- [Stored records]
lemma norm_less_if_disc_avoids_zero:
  fixes a b :: complex
  assumes "\<And>\<zeta>. cmod \<zeta> \<le> 1 \<Longrightarrow> a + \<zeta> * b \<noteq> 0"
  shows "cmod b < cmod a"
proof (rule ccontr)
  assume "\<not> cmod b < cmod a"
  moreover have "a \<noteq> 0" using assms[of 0] by simp
  ultimately have "cmod (- a / b) \<le> 1" "b \<noteq> 0" by (auto simp: norm_divide divide_le_eq_1)
  with assms[of "- a / b"] show False by simp
qed

lemma psh2_ln_norm_snd:
  fixes D :: "(complex^'n) set"
  assumes D: "open D" and A: "open A" "0 \<notin> A"
  shows "psh2 (D \<times> A) (\<lambda>p. ereal (c * ln (cmod (snd p)) + d))"
  unfolding psh_gen_def
proof (intro conjI ballI allI impI)
  show "open (D \<times> A)" using D A(1) by (rule open_Times)
  show "usc_on (D \<times> A) (\<lambda>p. ereal (c * ln (cmod (snd p)) + d))"
    using A(2) by (intro usc_on_continuous continuous_intros) (auto simp: mem_Times_iff)
next
  fix a b :: "(complex^'n) \<times> complex" and M
  assume disc: "\<forall>\<zeta>. cmod \<zeta> \<le> 1 \<longrightarrow> a + cmul_pair \<zeta> b \<in> D \<times> A"
    and M: "\<forall>t. ereal (c * ln (cmod (snd (a + cmul_pair (cis t) b))) + d) \<le> ereal M"
  have "cmod (snd b) < cmod (snd a)"
    using disc A(2) by (intro norm_less_if_disc_avoids_zero) (force simp: cmul_pair_def mem_Times_iff)
  from has_integral_add[OF has_integral_mult_right[OF has_integral_ln_norm_circle[OF this], of c]
      has_integral_const_real[of d 0 "2*pi"]]
  have "((\<lambda>t. c * ln (cmod (snd a + cis t * snd b)) + d) has_integral 2 * pi * (c * ln (cmod (snd a)) + d)) {0..2*pi}"
    by (simp add: algebra_simps)
  then have "circle_mean cmul_pair (\<lambda>p. ereal (c * ln (cmod (snd p)) + d)) a b M
      = ereal (c * ln (cmod (snd a)) + d)"
    using M by (subst circle_mean_eq_integral) (auto simp: cmul_pair_def)
  then show "ereal (c * ln (cmod (snd a)) + d) \<le> circle_mean cmul_pair (\<lambda>p. ereal (c * ln (cmod (snd p)) + d)) a b M"
    by simp
qed simp

lemma psh2_slice_snd:
  assumes U: "psh2 (D \<times> A) U" and z: "z \<in> D"
  shows "psh_gen (*) A (\<lambda>q. U (z, q))"
  unfolding psh_gen_def
proof (intro conjI ballI allI impI)
  have "snd ` (D \<times> A) = A" using z by force
  then show "open A" using U open_image_snd unfolding psh_gen_def by metis
  show "usc_on A (\<lambda>q. U (z, q))" "\<And>q. q \<in> A \<Longrightarrow> U (z, q) < \<infinity>"
    using U z unfolding psh_gen_def by (auto intro!: usc_on_compose[where \<Omega>="D \<times> A"])
next
  fix a b M
  assume "\<forall>\<zeta>. cmod \<zeta> \<le> 1 \<longrightarrow> a + \<zeta> * b \<in> A" and "\<forall>t. U (z, a + cis t * b) \<le> ereal M"
  then have "U (z, a) \<le> circle_mean cmul_pair U (z, a) (0, b) M"
    using U z unfolding psh_gen_def by (auto simp: cmul_pair_def)
  then show "U (z, a) \<le> circle_mean (*) (\<lambda>q. U (z, q)) a b M"
    by (simp add: circle_mean_def cmul_pair_def)
qed

section \<open>The maximum principle\<close>

lemma psh_gen_max_point_circle_integral_le:
  assumes psh: "psh_gen cmul \<Omega> v" and l: "l \<in> \<Omega>" "v l \<noteq> -\<infinity>"
    and max: "\<And>p. p \<in> \<Omega> \<Longrightarrow> v p + ereal (g p) \<le> v l + ereal (g l)"
    and disc: "\<And>\<zeta>. cmod \<zeta> \<le> 1 \<Longrightarrow> l + cmul \<zeta> b \<in> \<Omega>"
    and g: "((\<lambda>t. g (l + cmul (cis t) b)) has_integral I) {0..2*pi}"
    and gm: "\<And>p. p \<in> \<Omega> \<Longrightarrow> m \<le> g p"
  shows "I \<le> 2 * pi * g l"
proof -
  obtain S where S: "v l = ereal S"
    using l psh by (cases "v l") (auto simp: psh_gen_def)
  let ?G = "\<lambda>t. S + g l - g (l + cmul (cis t) b)"
  have G: "(?G has_integral 2*pi*(S + g l) - I) {0..2*pi}"
    using has_integral_diff[OF has_integral_const_real[of "S + g l" 0 "2*pi"] g] by simp
  have le: "v (l + cmul (cis t) b) \<le> ereal (?G t)" for t
    using max[OF disc[of "cis t"]] S by (cases "v (l + cmul (cis t) b)") simp_all
  have GM: "?G t \<le> S + g l - m" for t using gm[OF disc[of "cis t"]] by simp
  have "v l \<le> ereal ((2*pi*(S + g l) - I) / (2*pi))"
    by (rule psh_gen_le_circle_integral[OF psh disc G le GM])
  then show ?thesis using S by (simp add: field_simps)
qed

- [TASK BRIEF] Gather each line in the entries above where the string "unfolding" is found.

- [OUTPUT FOR THIS TASK]
  unfolding psh_gen_def
  unfolding psh_gen_def
  then show "open A" using U open_image_snd unfolding psh_gen_def by metis
    using U z unfolding psh_gen_def by (auto intro!: usc_on_compose[where \<Omega>="D \<times> A"])
    using U z unfolding psh_gen_def by (auto simp: cmul_pair_def)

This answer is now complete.